LIVE FROM THE EDGE OF SPACE AND TIME
Tuesday April 3, 2001
13:00 Eastern

NEW EYES ON THE UNIVERSE

Keck Telescope

Many astronomers and cosmologists think we’re in a golden age, a time when new telescopes and spacecraft allow us to see farther out in space and back in time than ever before. But, perhaps, with the new tools and techniques now being used or soon to launch, the best is yet to come.

 

UCLA’s Andrea Ghez describes how ingenious use of new techniques has enabled her to use Hawaii’s Keck Telescope to track stars whirling rapidly around the super massive black hole at the center of our Galaxy.

Andrea Ghez

 

Alan Dressler

Alan Dressler, of the Carnegie Observatories, describes what we now know about the expansion of the Universe and what the new Magellan Telescopes in Chile will soon reveal.

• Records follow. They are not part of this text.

lemma localGD_dist_le:
  fixes c v :: "real^'d"
  assumes "1 \<le> M" "1 \<le> K"
    and norm_x: "\<And>m i. m < M \<Longrightarrow> i < n \<Longrightarrow> norm (x m i) \<le> 1"
    and margin_v: "\<And>m i. m < M \<Longrightarrow> i < n \<Longrightarrow> \<gamma> \<le> v \<bullet> x m i"
    and "0 < \<gamma>" "0 < \<eta>"
  defines "u \<equiv> c + (\<eta> / (2 * \<gamma>)) *\<^sub>R v"
  shows "norm (localGD M n x \<eta> K w0 (Suc s) - u) ^ 2
         \<le> norm (localGD M n x \<eta> K w0 s - u) ^ 2 - 2 * \<eta> * Fglob M n x (localGD M n x \<eta> K w0 s)
            + 2 * \<eta> * real K * Fglob M n x c"
proof -
  let ?w = "localGD M n x \<eta> K w0 s"
  have "norm (localGD M n x \<eta> K w0 (Suc s) - u) ^ 2
        \<le> (1 / real M) * (\<Sum>m<M. norm (local_iter n x \<eta> m ?w K - u) ^ 2)"
    using norm_mean_diff_sq_le[of "{..<M}" "\<lambda>m. local_iter n x \<eta> m ?w K"] \<open>1 \<le> M\<close>
    by (simp add: lessThan_empty_iff)
  also have "\<dots> \<le> (1 / real M) * (\<Sum>m<M. norm (?w - u) ^ 2 - 2 * \<eta> * Floc n x m ?w
                                         + 2 * \<eta> * real K * Floc n x m c)"
    using local_iter_dist_le[OF norm_x margin_v \<open>0 < \<gamma>\<close> \<open>0 < \<eta>\<close> \<open>1 \<le> K\<close>]
    unfolding u_def by (intro mult_left_mono sum_mono) auto
  also have "\<dots> = norm (?w - u) ^ 2 - 2 * \<eta> * Fglob M n x ?w + 2 * \<eta> * real K * Fglob M n x c"
    using \<open>1 \<le> M\<close> unfolding Fglob_def
    by (simp add: sum.distrib sum_subtractf sum_distrib_left[symmetric] field_simps)
  finally show ?thesis .
qed

lemma localGD_regret_bound:
  fixes c v :: "real^'d"
  assumes "1 \<le> M" "1 \<le> K"
    and norm_x: "\<And>m i. m < M \<Longrightarrow> i < n \<Longrightarrow> norm (x m i) \<le> 1"
    and margin_v: "\<And>m i. m < M \<Longrightarrow> i < n \<Longrightarrow> \<gamma> \<le> v \<bullet> x m i"
    and "0 < \<gamma>" "0 < \<eta>"
  defines "u \<equiv> c + (\<eta> / (2 * \<gamma>)) *\<^sub>R v"
  shows "2 * \<eta> * (\<Sum>s<r. Fglob M n x (localGD M n x \<eta> K w0 s))
         \<le> norm (w0 - u) ^ 2 + 2 * \<eta> * real K * real r * Fglob M n x c"
proof -
  let ?a = "\<lambda>s. norm (localGD M n x \<eta> K w0 s - u) ^ 2"
  let ?b = "\<lambda>s. 2 * \<eta> * Fglob M n x (localGD M n x \<eta> K w0 s)"
  have "?a (Suc s) \<le> ?a s - ?b s + 2 * \<eta> * real K * Fglob M n x c" for s
    unfolding u_def by (rule localGD_dist_le[where x = x, OF assms(1-6)])
  hence "?a r \<le> ?a 0 - (\<Sum>s<r. ?b s) + real r * (2 * \<eta> * real K * Fglob M n x c)"
    by (rule telescoping_le)
  moreover have "(\<Sum>s<r. ?b s) = 2 * \<eta> * (\<Sum>s<r. Fglob M n x (localGD M n x \<eta> K w0 s))"
    by (simp add: sum_distrib_left)
  moreover have "real r * (2 * \<eta> * real K * Fglob M n x c) = 2 * \<eta> * real K * real r * Fglob M n x c"
    by (simp add: mult_ac)
  moreover have "?a 0 = norm (w0 - u) ^ 2" and "0 \<le> ?a r" by simp_all
  ultimately show ?thesis by linarith
qed

definition min_margin :: "nat \<Rightarrow> nat \<Rightarrow> (nat \<Rightarrow> nat \<Rightarrow> real^'d) \<Rightarrow> real^'d \<Rightarrow> real" where
  "min_margin M n x w = Min {w \<bullet> x m i | m i. m < M \<and> i < n}"

lemma margin_eq_SUP_min_margin: "margin M n x = (SUP w\<in>{w. norm w = 1}. min_margin M n x w)"
  unfolding margin_def min_margin_def ..

lemma data_inner_set_eq:
  "{w \<bullet> x m i | m i. m < M \<and> i < n} = (\<lambda>(m, i). w \<bullet> x m i) ` ({..<M} \<times> {..<n})"
  by auto

lemma min_margin_le: "m < M \<Longrightarrow> i < n \<Longrightarrow> min_margin M n x w \<le> w \<bullet> x m i"
  unfolding min_margin_def data_inner_set_eq by (intro Min_le) auto

lemma less_min_margin_iff:
  assumes "1 \<le> M" "1 \<le> n"
  shows "c < min_margin M n x w \<longleftrightarrow> (\<forall>m<M. \<forall>i<n. c < w \<bullet> x m i)"
  unfolding min_margin_def data_inner_set_eq using assms by (subst Min_gr_iff) (auto simp: lessThan_empty_iff)

lemma min_margin_le_one:
  assumes "1 \<le> M" "1 \<le> n" "\<And>m i. m < M \<Longrightarrow> i < n \<Longrightarrow> norm (x m i) \<le> 1"
    and "norm w = 1"
  shows "min_margin M n x w \<le> 1"
proof -
  have "min_margin M n x w \<le> w \<bullet> x 0 0" using assms by (intro min_margin_le) auto
  also have "\<dots> \<le> norm w * norm (x 0 0)" by (rule norm_cauchy_schwarz)
  also have "\<dots> \<le> 1" using assms by simp
  finally show ?thesis .
qed

lemma unit_vectors_nonempty: "{w :: 'a::{real_normed_vector, perfect_space}. norm w = 1} \<noteq> {}"
  using vector_choose_size[OF zero_le_one] by blast

lemma
  assumes "1 \<le> M" "1 \<le> n" "\<And>m i. m < M \<Longrightarrow> i < n \<Longrightarrow> norm (x m i) \<le> 1"
  shows bdd_above_min_margin: "bdd_above (min_margin M n x ` {w. norm w = 1})"
    and margin_le_one: "margin M n x \<le> 1"
proof -
  show "bdd_above (min_margin M n x ` {w. norm w = 1})"
    using min_margin_le_one[of M n x] assms by (intro bdd_aboveI[where M = 1]) auto
  show "margin M n x \<le> 1"
    unfolding margin_eq_SUP_min_margin using unit_vectors_nonempty min_margin_le_one[of M n x] assms
    by (intro cSUP_least) auto
qed

lemma margin_pos:
  assumes "1 \<le> M" "1 \<le> n" "\<And>m i. m < M \<Longrightarrow> i < n \<Longrightarrow> norm (x m i) \<le> 1"
    and "\<exists>w. \<forall>m<M. \<forall>i<n. w \<bullet> x m i > 0"
  shows "0 < margin M n x"
proof -
  obtain w where w: "\<forall>m<M. \<forall>i<n. w \<bullet> x m i > 0" using assms(4) by blast
  hence "w \<noteq> 0" using assms(1,2) by fastforce
  hence "0 < min_margin M n x (w /\<^sub>R norm w)"
    using w assms(1,2) by (subst less_min_margin_iff) auto
  also have "\<dots> \<le> margin M n x"
    unfolding margin_eq_SUP_min_margin using bdd_above_min_margin[of M n x] assms \<open>w \<noteq> 0\<close>
    by (intro cSUP_upper) auto
  finally show ?thesis .
qed

lemma exists_unit_margin_gt:
  assumes "1 \<le> M" "1 \<le> n" "\<And>m i. m < M \<Longrightarrow> i < n \<Longrightarrow> norm (x m i) \<le> 1"
    and "c < margin M n x"
  obtains v where "norm v = 1" "\<And>m i. m < M \<Longrightarrow> i < n \<Longrightarrow> c < v \<bullet> x m i"
proof -
  obtain v where "norm v = 1" "c < min_margin M n x v"
    using assms less_cSUP_iff[OF unit_vectors_nonempty bdd_above_min_margin[of M n x]]
    unfolding margin_eq_SUP_min_margin by blast
  thus ?thesis using that less_min_margin_iff[OF assms(1,2)] by blast
qed

lemma mean_le_bound:
  fixes f :: "nat \<Rightarrow> real"
  assumes "\<And>i. i < N \<Longrightarrow> f i \<le> b" "0 \<le> b"
  shows "(1 / real N) * (\<Sum>i<N. f i) \<le> b"
proof (cases "N = 0")
  case False
  have "(\<Sum>i<N. f i) \<le> real N * b" using sum_bounded_above[of "{..<N}" f b] assms by simp
  thus ?thesis using False by (simp add: divide_simps mult.commute)
qed (simp add: assms)

lemma Fglob_le_exp_neg:
  assumes "\<And>m i. m < M \<Longrightarrow> i < n \<Longrightarrow> t \<le> w \<bullet> x m i"
  shows "Fglob M n x w \<le> exp (- t)"
proof -
  have "logistic (w \<bullet> x m i) \<le> exp (- t)" if "m < M" "i < n" for m i
    using order_trans[OF logistic_le_exp] assms[OF that] by simp
  hence "Floc n x m w \<le> exp (- t)" if "m < M" for m
    unfolding Floc_def using that by (intro mean_le_bound) auto
  thus ?thesis unfolding Fglob_def by (intro mean_le_bound) auto
qed

lemma square_add_le: "((a::real) + b) ^ 2 \<le> 2 * a ^ 2 + 2 * b ^ 2"
  using zero_le_power2[of "a - b"] by (simp add: power2_eq_square algebra_simps)

lemma ln_sq_mono: "1 \<le> (a::real) \<Longrightarrow> a \<le> b \<Longrightarrow> ln a ^ 2 \<le> ln b ^ 2"
  by (intro power_mono) auto

lemma localGD_loss_sum_le:
  fixes v w0 :: "real^'d"
  assumes "1 \<le> M" "1 \<le> K"
    and norm_x: "\<And>m i. m < M \<Longrightarrow> i < n \<Longrightarrow> norm (x m i) \<le> 1"
    and "norm v = 1" and margin_v: "\<And>m i. m < M \<Longrightarrow> i < n \<Longrightarrow> \<gamma> \<le> v \<bullet> x m i"
    and "0 < \<gamma>" "\<gamma> \<le> 1" "0 < \<eta>"
  shows "2 * \<eta> * (\<Sum>s<r. Fglob M n x (localGD M n x \<eta> K w0 s))
         \<le> 4 * (norm w0 ^ 2 + 1 + ln (real K + \<eta> * real K * \<gamma> ^ 2 * real r) ^ 2 + \<eta> ^ 2 * real K ^ 2)
             / \<gamma> ^ 2"
proof -
  define A where "A = real K + \<eta> * real K * \<gamma> ^ 2 * real r"
  have "1 \<le> A" unfolding A_def using assms by (simp add: add_increasing2)
  define \<rho> where "\<rho> = ln A / \<gamma>" \<comment> \<open>so that \<open>exp (- \<rho> \<gamma>) = 1 / A\<close>\<close>
  have "0 \<le> \<rho>" unfolding \<rho>_def using \<open>1 \<le> A\<close> \<open>0 < \<gamma>\<close> by simp
  define u where "u = \<rho> *\<^sub>R v + (\<eta> / (2 * \<gamma>)) *\<^sub>R v"
  have regret: "2 * \<eta> * (\<Sum>s<r. Fglob M n x (localGD M n x \<eta> K w0 s))
                \<le> norm (w0 - u) ^ 2 + 2 * \<eta> * real K * real r * Fglob M n x (\<rho> *\<^sub>R v)"
    unfolding u_def using assms by (intro localGD_regret_bound) auto
  have "Fglob M n x (\<rho> *\<^sub>R v) \<le> exp (- ln A)"
  proof (rule Fglob_le_exp_neg)
    fix m i assume "m < M" "i < n"
    hence "\<rho> * \<gamma> \<le> \<rho> * (v \<bullet> x m i)" using margin_v \<open>0 \<le> \<rho>\<close> by (intro mult_left_mono) auto
    thus "ln A \<le> \<rho> *\<^sub>R v \<bullet> x m i" unfolding \<rho>_def using \<open>0 < \<gamma>\<close> by simp
  qed
  also have "\<dots> = 1 / A" using \<open>1 \<le> A\<close> by (simp add: exp_minus inverse_eq_divide)
  finally have "2 * \<eta> * real K * real r * Fglob M n x (\<rho> *\<^sub>R v) \<le> 2 * \<eta> * real K * real r * (1 / A)"
    using \<open>0 < \<eta>\<close> by (intro mult_left_mono) auto
  also have "\<dots> \<le> 2 / \<gamma> ^ 2"
    using \<open>1 \<le> A\<close> \<open>0 < \<gamma>\<close> \<open>1 \<le> K\<close> unfolding A_def by (simp add: divide_simps)
  finally have loss_term: "2 * \<eta> * real K * real r * Fglob M n x (\<rho> *\<^sub>R v) \<le> 2 / \<gamma> ^ 2" .
  have "norm u = \<rho> + \<eta> / (2 * \<gamma>)"
    unfolding u_def using \<open>norm v = 1\<close> \<open>0 \<le> \<rho>\<close> \<open>0 < \<eta>\<close> \<open>0 < \<gamma>\<close>
    by (simp flip: scaleR_add_left)
  hence u_term: "2 * norm u ^ 2 \<le> (4 * ln A ^ 2 + \<eta> ^ 2) / \<gamma> ^ 2"
    using square_add_le[of \<rho> "\<eta> / (2 * \<gamma>)"] by (simp add: \<rho>_def power_divide add_divide_distrib)
  have w0_term: "2 * norm w0 ^ 2 \<le> 2 * norm w0 ^ 2 / \<gamma> ^ 2"
    using \<open>0 < \<gamma>\<close> \<open>\<gamma> \<le> 1\<close> by (simp add: le_divide_eq mult_left_le power_le_one)
  have eta_term: "\<eta> ^ 2 \<le> \<eta> ^ 2 * real K ^ 2"
    using \<open>1 \<le> K\<close> by (simp add: mult_le_cancel_left1 one_le_power)
  have "norm (w0 - u) ^ 2 \<le> (norm w0 + norm u) ^ 2"
    by (intro power_mono norm_triangle_ineq4) simp
  also have "\<dots> \<le> 2 * norm w0 ^ 2 + 2 * norm u ^ 2"
    by (rule square_add_le)
  finally have "2 * \<eta> * (\<Sum>s<r. Fglob M n x (localGD M n x \<eta> K w0 s))
      \<le> (2 * norm w0 ^ 2 + 4 * ln A ^ 2 + \<eta> ^ 2 + 2) / \<gamma> ^ 2"
    using regret loss_term u_term w0_term by (simp add: add_divide_distrib)
  also have "\<dots> \<le> 4 * (norm w0 ^ 2 + 1 + ln A ^ 2 + \<eta> ^ 2 * real K ^ 2) / \<gamma> ^ 2"
    using eta_term zero_le_power2[of "norm w0"] zero_le_power2[of \<eta>] by (intro divide_right_mono) (smt (verit), simp)
  finally show ?thesis unfolding A_def .
qed

theorem theorem4p1:
  fixes M n K r :: nat and x :: "nat \<Rightarrow> nat \<Rightarrow> real^'d" and w0 :: "real^'d" and \<eta> :: real
  assumes "M \<ge> 1" and "n \<ge> 1"
    and "\<And>m i. m < M \<Longrightarrow> i < n \<Longrightarrow> norm (x m i) \<le> 1"
    and "\<exists>w. \<forall>m<M. \<forall>i<n. w \<bullet> x m i > 0"
    and "\<eta> > 0" and "K \<ge> 1"
    and "r \<ge> 1"
  shows "(1 / real r) * (\<Sum>s<r. Fglob M n x (localGD M n x \<eta> K w0 s))
         \<le> 26 * (norm w0 ^ 2 + 1 + (ln (real K + \<eta> * real K * margin M n x ^ 2 * real r)) ^ 2
                  + \<eta> ^ 2 * real K ^ 2)
              / (\<eta> * margin M n x ^ 4 * real r)"
proof -
  define \<gamma> where "\<gamma> = margin M n x"
  define \<Sigma> where "\<Sigma> = (\<Sum>s<r. Fglob M n x (localGD M n x \<eta> K w0 s))"
  define B where "B \<gamma>' = norm w0 ^ 2 + 1 + (ln (real K + \<eta> * real K * \<gamma>' ^ 2 * real r)) ^ 2
                         + \<eta> ^ 2 * real K ^ 2" for \<gamma>'
  have "0 < \<gamma>" unfolding \<gamma>_def using assms(1-4) by (rule margin_pos)
  have "\<gamma> \<le> 1" unfolding \<gamma>_def using assms(1-3) by (rule margin_le_one)
  \<comment> \<open>the margin is only a supremum; a unit vector with margin \<open>\<gamma> / 2\<close> costs a constant factor\<close>
  have "\<gamma> / 2 < margin M n x" using \<open>0 < \<gamma>\<close> unfolding \<gamma>_def by simp
  then obtain v where "norm v = 1" and "\<And>m i. m < M \<Longrightarrow> i < n \<Longrightarrow> \<gamma> / 2 < v \<bullet> x m i"
    using exists_unit_margin_gt[where x = x, OF assms(1-3)] by blast
  hence "2 * \<eta> * \<Sigma> \<le> 4 * B (\<gamma> / 2) / (\<gamma> / 2) ^ 2"
    unfolding \<Sigma>_def B_def using assms \<open>0 < \<gamma>\<close> \<open>\<gamma> \<le> 1\<close> by (intro localGD_loss_sum_le) (auto intro: less_imp_le)
  also have "\<dots> \<le> 16 * B \<gamma> / \<gamma> ^ 2"
  proof -
    have "(\<gamma> / 2) ^ 2 \<le> \<gamma> ^ 2" using \<open>0 < \<gamma>\<close> by (intro power_mono) auto
    hence "B (\<gamma> / 2) \<le> B \<gamma>"
      unfolding B_def using assms
      by (intro add_mono order_refl ln_sq_mono) (auto simp: add_increasing2 intro!: mult_left_mono)
    thus ?thesis by (simp add: power_divide divide_right_mono)
  qed
  also have "\<dots> \<le> 16 * B \<gamma> / \<gamma> ^ 4"
    using \<open>0 < \<gamma>\<close> \<open>\<gamma> \<le> 1\<close> by (intro divide_left_mono) (auto simp: B_def power_decreasing)
  finally have "\<Sigma> * (\<eta> * \<gamma> ^ 4) \<le> 8 * B \<gamma>"
    using \<open>0 < \<gamma>\<close> by (simp add: field_simps)
  hence "(1 / real r) * \<Sigma> \<le> 8 * B \<gamma> / (\<eta> * \<gamma> ^ 4 * real r)"
    using assms \<open>0 < \<gamma>\<close> by (simp add: field_simps)
  also have "\<dots> \<le> 26 * B \<gamma> / (\<eta> * \<gamma> ^ 4 * real r)"
    using assms \<open>0 < \<gamma>\<close> by (intro divide_right_mono) (auto simp: B_def)
  finally show ?thesis unfolding \<Sigma>_def B_def \<gamma>_def .
qed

Footage of the European Southern Observatory’s Very Large Telescope shows some of Earth’s most powerful eyes.

 

But soon NASA will be launching a new spacecraft, MAP, which will look father back than any telescope, back to the Big Bang itself, trying to document the very first structures from which the earliest stars and galaxies were born. This sequence sketches some of the exciting opportunities awaiting today’s students if they choose to pursue careers in space science and astronomy, and some of the mysteries they may help solve.